Three years my junior, fainthearted, and a curly head shorter, Jeremiah stood gloating in a shaft of amber streetlight. On the eve of his eighth birthday, Mother had escorted him into my bedroom. "Your big brother's going to look out for you now, son. Over the years you share this bed, each of you will confide in the other's stories—most of which a mama should never hear."

She turned to me. "Maybe I should have done this sooner, Ethan. Guide and protect your dear brother. It's a dark, old road we travel. God willing, you will always have each other, my young men."

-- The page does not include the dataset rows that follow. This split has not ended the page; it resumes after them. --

(* Let $G=(V,E)$ be a finite simple graph, $\omega\in\mathrm{Acyc}(G)$, and $P=P(G,[\omega])$ the associated toric poset with toric chamber $c(P)\subseteq\mathbb{R}^V/\mathbb{Z}^V$. Let $q\colon[0,1]^V\to\mathbb{R}^V/\mathbb{Z}^V$ be the restriction of the natural quotient map. Then the topological closure of $c(P)$ satisfies \[\overline{c(P)}=\bigcup_{\omega'\in[\omega]} q\big(\mathcal{O}(P(G,\omega'))\big).\]
   Context: $V=[n]$. $\mathrm{Acyc}(G)$ is the set of acyclic orientations of $G$; for $\omega\in\mathrm{Acyc}(G)$, $P(G,\omega)$ is the poset on $V$ obtained as the transitive (reflexive) closure of $\omega$. A flip converts a source of an acyclic orientation into a sink (reversing all edges incident to it); $\equiv$ is the equivalence relation on $\mathrm{Acyc}(G)$ generated by flips and $[\omega]$ denotes the class of $\omega$. With $q\colon\mathbb{R}^V\to\mathbb{R}^V/\mathbb{Z}^V$ the quotient map, the toric graphic arrangement $\mathcal{A}_{\mathrm{tor}}(G)$ consists of the toric hyperplanes $H^{\mathrm{tor}}_{ij}=\{x\in\mathbb{R}^V/\mathbb{Z}^V: x_i\equiv x_j \bmod 1\}$ for $\{i,j\}\in E$; its toric chambers are the connected components of the complement. For $x$ in the complement, let $\omega(x)$ orient each edge $\{i,j\}$ as $i\to j$ iff $x_i<x_j$ (coordinates taken as representatives in $[0,1)$); it is known that $x,x'$ lie in the same toric chamber iff $\omega(x)\equiv\omega(x')$, giving a bijection between toric chambers and $\mathrm{Acyc}(G)/\!\equiv$. The toric poset $P(G,[\omega])$ is identified with the toric chamber $c(P)$ corresponding to $[\omega]$. The order polytope of a poset $Q$ on $V$ is $\mathcal{O}(Q)=\{x\in[0,1]^V: x_i\le x_j \text{ whenever } i\le_Q j\}$. *)

theory Defs
  imports "HOL-Analysis.Analysis"
begin

text \<open>Vertices: a finite type 'a (playing the role of V = [n]).
 An orientation is a set of ordered pairs (i,j), meaning the arc i -> j.\<close>

definition simple_graph :: "'a set set \<Rightarrow> bool" where
  "simple_graph E \<longleftrightarrow> (\<forall>e\<in>E. \<exists>i j. i \<noteq> j \<and> e = {i, j})"

definition is_orientation :: "'a set set \<Rightarrow> ('a \<times> 'a) set \<Rightarrow> bool" where
  "is_orientation E w \<longleftrightarrow>
     (\<forall>(i,j)\<in>w. {i,j} \<in> E) \<and>
     (\<forall>i j. {i,j} \<in> E \<longrightarrow> i \<noteq> j \<longrightarrow> ((i,j) \<in> w \<longleftrightarrow> (j,i) \<notin> w))"

definition Acyc :: "'a set set \<Rightarrow> ('a \<times> 'a) set set" where
  "Acyc E = {w. is_orientation E w \<and> acyclic w}"

text \<open>P(G,w): the reflexive transitive closure of w, as a relation (i,j) means i <= j.\<close>
definition poset_of :: "('a \<times> 'a) set \<Rightarrow> ('a \<times> 'a) set" where
  "poset_of w = w\<^sup>*"

definition is_source :: "('a \<times> 'a) set \<Rightarrow> 'a \<Rightarrow> bool" where
  "is_source w v \<longleftrightarrow> (\<forall>u. (u, v) \<notin> w)"

definition flip_at :: "('a \<times> 'a) set \<Rightarrow> 'a \<Rightarrow> ('a \<times> 'a) set" where
  "flip_at w v = {(i,j) \<in> w. i \<noteq> v \<and> j \<noteq> v} \<union> {(j,i) | i j. (i,j) \<in> w \<and> (i = v \<or> j = v)}"

definition flip_step :: "('a \<times> 'a) set \<Rightarrow> ('a \<times> 'a) set \<Rightarrow> bool" where
  "flip_step w w' \<longleftrightarrow> (\<exists>v. is_source w v \<and> w' = flip_at w v)"

definition flip_equiv :: "'a set set \<Rightarrow> ('a \<times> 'a) set \<Rightarrow> ('a \<times> 'a) set \<Rightarrow> bool" where
  "flip_equiv E w w' \<longleftrightarrow> w \<in> Acyc E \<and> w' \<in> Acyc E \<and>
     (\<lambda>a b. a \<in> Acyc E \<and> b \<in> Acyc E \<and> (flip_step a b \<or> flip_step b a))\<^sup>*\<^sup>* w w'"

definition flip_class :: "'a set set \<Rightarrow> ('a \<times> 'a) set \<Rightarrow> ('a \<times> 'a) set set" where
  "flip_class E w = {w'. flip_equiv E w w'}"

text \<open>The torus R^V / Z^V, represented by the canonical representatives in [0,1)^V;
 the quotient map q takes fractional parts coordinatewise, and the torus carries
 the quotient topology induced by q.\<close>
definition tor_pts :: "('a \<Rightarrow> real) set" where
  "tor_pts = {y. \<forall>i. 0 \<le> y i \<and> y i < 1}"

definition tor_q :: "('a \<Rightarrow> real) \<Rightarrow> ('a \<Rightarrow> real)" where
  "tor_q x = (\<lambda>i. frac (x i))"

lemma istopology_tor: "istopology (\<lambda>U. U \<subseteq> tor_pts \<and> open (tor_q -` U))"
  unfolding istopology_def
  by (auto simp: vimage_Union intro!: open_Union)

definition tor_top :: "('a::finite \<Rightarrow> real) topology" where
  "tor_top = topology (\<lambda>U. U \<subseteq> tor_pts \<and> open (tor_q -` U))"

definition tor_hyperplane :: "'a \<Rightarrow> 'a \<Rightarrow> ('a \<Rightarrow> real) set" where
  "tor_hyperplane i j = {y \<in> tor_pts. y i - y j \<in> \<int>}"

definition tor_complement :: "'a set set \<Rightarrow> ('a \<Rightarrow> real) set" where
  "tor_complement E = tor_pts - (\<Union>e\<in>E. \<Union>i\<in>e. \<Union>j\<in>e. if i \<noteq> j then tor_hyperplane i j else {})"

definition tor_orient :: "'a set set \<Rightarrow> ('a \<Rightarrow> real) \<Rightarrow> ('a \<times> 'a) set" where
  "tor_orient E x = {(i,j). {i,j} \<in> E \<and> x i < x j}"

definition toric_chamber :: "'a::finite set set \<Rightarrow> ('a \<times> 'a) set \<Rightarrow> ('a \<Rightarrow> real) set" where
  "toric_chamber E w =
     \<Union>{connected_component_of_set (subtopology tor_top (tor_complement E)) x | x.
          x \<in> tor_complement E \<and> tor_orient E x \<in> flip_class E w}"

definition order_polytope :: "('a \<times> 'a) set \<Rightarrow> ('a \<Rightarrow> real) set" where
  "order_polytope Q = {x. (\<forall>i. 0 \<le> x i \<and> x i \<le> 1) \<and> (\<forall>(i,j)\<in>Q. x i \<le> x j)}"

end

theory Submission
  imports Defs
begin

text \<open>The toric chamber of \<open>[w]\<close> is the set of points of the complement whose orientation
  is flip equivalent to \<open>w\<close>. Indeed, moving a point of the complement slightly can only push
  coordinates equal to \<open>0\<close> to just below \<open>1\<close>, which amounts to flipping sources, so this set is
  open and closed in the complement. Its closure is then the union of the closed sets
  \<open>q(\<O>(P(G,w')))\<close>, \<open>w' \<in> [w]\<close>: each of them contains the points of the chamber with orientation \<open>w'\<close>,
  and each of its points \<open>q(y)\<close> is the limit of \<open>(1 - t) y + t f\<close> as \<open>t \<rightarrow> 0\<close>, where \<open>f\<close> is a
  strict height function of \<open>w'\<close> with values in \<open>[0,1)\<close>.\<close>

section \<open>The torus\<close>

lemma openin_tor_top: "openin tor_top U \<longleftrightarrow> U \<subseteq> tor_pts \<and> open (tor_q -` U)"
  by (simp add: tor_top_def istopology_tor)

lemma tor_q_in_tor_pts: "tor_q x \<in> tor_pts"
  by (simp add: tor_q_def tor_pts_def frac_lt_1)

lemma topspace_tor_top: "topspace tor_top = (tor_pts :: ('a::finite \<Rightarrow> real) set)"
proof -
  have "tor_q -` tor_pts = (UNIV :: ('a \<Rightarrow> real) set)" using tor_q_in_tor_pts by blast
  then have "openin tor_top (tor_pts :: ('a \<Rightarrow> real) set)" by (simp add: openin_tor_top)
  then show ?thesis by (metis openin_subset openin_tor_top openin_topspace subset_antisym)
qed

lemma tor_q_idem: "x \<in> tor_pts \<Longrightarrow> tor_q x = x"
  by (auto simp: tor_q_def tor_pts_def frac_eq)

lemma frac_eq_iff_diff_Ints: "frac (a::real) = frac b \<longleftrightarrow> a - b \<in> \<int>"
  by (metis frac_diff_eq frac_diff_zero frac_eq_0_iff)

lemma tor_q_eq_iff: "tor_q x = tor_q y \<longleftrightarrow> (\<forall>i. x i - y i \<in> \<int>)"
  by (auto simp: tor_q_def fun_eq_iff frac_eq_iff_diff_Ints)

lemma continuous_on_coordinate_shift: "continuous_on UNIV (\<lambda>x::'a\<Rightarrow>real. \<lambda>i. x i - z i)"
  by (intro continuous_on_coordinatewise_then_product continuous_intros) auto

lemma vimage_tor_q_image:
  "tor_q -` tor_q ` B = (\<Union>z\<in>{z. \<forall>i. z i \<in> \<int>}. (\<lambda>x. \<lambda>i. x i - z i) -` B)"
proof (intro set_eqI iffI)
  fix x assume "x \<in> tor_q -` tor_q ` B"
  then obtain b where "b \<in> B" "tor_q x = tor_q b" by auto
  then show "x \<in> (\<Union>z\<in>{z. \<forall>i. z i \<in> \<int>}. (\<lambda>x. \<lambda>i. x i - z i) -` B)"
    by (intro UN_I[of "\<lambda>i. x i - b i"]) (auto simp: tor_q_eq_iff)
next
  fix x assume "x \<in> (\<Union>z\<in>{z. \<forall>i. z i \<in> \<int>}. (\<lambda>x. \<lambda>i. x i - z i) -` B)"
  then obtain z where z: "\<forall>i. z i \<in> \<int>" "(\<lambda>i. x i - z i) \<in> B" by auto
  then have "tor_q x = tor_q (\<lambda>i. x i - z i)" by (simp add: tor_q_eq_iff)
  then show "x \<in> tor_q -` tor_q ` B" using z by auto
qed

lemma openin_tor_q_image: "open B \<Longrightarrow> openin tor_top (tor_q ` B)"
  unfolding openin_tor_top vimage_tor_q_image
  using tor_q_in_tor_pts by (auto intro!: open_UN open_vimage continuous_on_coordinate_shift)

lemma open_coordinate_box: "open {u::'a::finite\<Rightarrow>real. \<forall>i. \<bar>u i - y i\<bar> < d}"
  unfolding Collect_all_eq
  by (intro open_INT finite ballI open_Collect_less continuous_intros continuous_on_product_coordinates)

text \<open>Near any point only finitely many integer translates of a bounded set matter, so
  the union of all its translates is closed.\<close>
lemma closed_vimage_tor_q_image:
  assumes K: "closed K" and bounded: "\<And>k i. k \<in> K \<Longrightarrow> \<bar>k i\<bar> \<le> 1"
  shows "closed (tor_q -` tor_q ` (K::('a::finite \<Rightarrow> real) set))"
  unfolding closed_def
proof (rule open_subopen[THEN iffD2], rule ballI)
  let ?P = "tor_q -` tor_q ` K"
  fix x assume x: "x \<in> - ?P"
  define M where "M = \<lceil>\<Sum>i\<in>UNIV. \<bar>x i\<bar>\<rceil> + 3"
  define Z where "Z = (\<lambda>g i. real_of_int (g i)) ` ((UNIV::'a set) \<rightarrow>\<^sub>E {-M..M})"
  define T where "T = (\<Union>z\<in>Z. (\<lambda>x. \<lambda>i. x i - z i) -` K)"
  have "finite Z" unfolding Z_def by (intro finite_imageI finite_PiE) auto
  then have "closed T" unfolding T_def
    by (intro closed_UN ballI closed_vimage continuous_on_coordinate_shift K)
  have "Z \<subseteq> {z. \<forall>i. z i \<in> \<int>}" unfolding Z_def by auto
  then have "T \<subseteq> ?P" unfolding vimage_tor_q_image T_def by (rule UN_mono) simp
  define N where "N = {u. \<forall>i. \<bar>u i - x i\<bar> < 1} - T"
  have "N \<subseteq> - ?P"
  proof
    fix v assume v: "v \<in> N"
    show "v \<in> - ?P"
    proof
      assume "v \<in> ?P"
      then obtain z where z: "\<forall>i. z i \<in> \<int>" "(\<lambda>i. v i - z i) \<in> K"
        unfolding vimage_tor_q_image by auto
      define g where "g i = \<lfloor>z i\<rfloor>" for i
      have zg: "z = (\<lambda>i. real_of_int (g i))"
        using z(1) unfolding g_def fun_eq_iff by (metis Ints_cases floor_of_int)
      have "-M \<le> g i \<and> g i \<le> M" for i
      proof -
        have "\<bar>v i - z i\<bar> \<le> 1" using bounded[OF z(2)] by simp
        moreover have "\<bar>v i - x i\<bar> < 1" using v unfolding N_def by auto
        moreover have "\<bar>x i\<bar> \<le> (\<Sum>i\<in>UNIV. \<bar>x i\<bar>)" by (rule member_le_sum) auto
        moreover have "(\<Sum>i\<in>UNIV. \<bar>x i\<bar>) \<le> \<lceil>\<Sum>i\<in>UNIV. \<bar>x i\<bar>\<rceil>" by (rule le_of_int_ceiling)
        ultimately have "\<bar>real_of_int (g i)\<bar> < real_of_int M" unfolding M_def zg by linarith
        then show ?thesis by linarith
      qed
      then have "z \<in> Z" unfolding Z_def zg by (intro imageI) auto
      then have "v \<in> T" using z(2) unfolding T_def by blast
      then show False using v unfolding N_def by auto
    qed
  qed
  moreover have "open N" unfolding N_def using open_coordinate_box \<open>closed T\<close> by (rule open_Diff)
  moreover have "x \<in> N" using x \<open>T \<subseteq> ?P\<close> unfolding N_def by auto
  ultimately show "\<exists>N. open N \<and> x \<in> N \<and> N \<subseteq> - ?P" by blast
qed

She gently shut our door and padded back across the hallway.

He eyed me warily.

"Look," I cautioned him, "this is my room. Everything in it belongs to me. The cracks in the ceiling even. They all go by titles of the world's great rivers. And there are ghosts in here too. In each corner and under the bed. Most of them are friendly. But they, too, all got names. And I ain't tellin' you 'bout the ones in the closet. You think just my Sunday suit is hanging in there? Well, guess again, Popeye. Also, you hear that tappin' on the window?"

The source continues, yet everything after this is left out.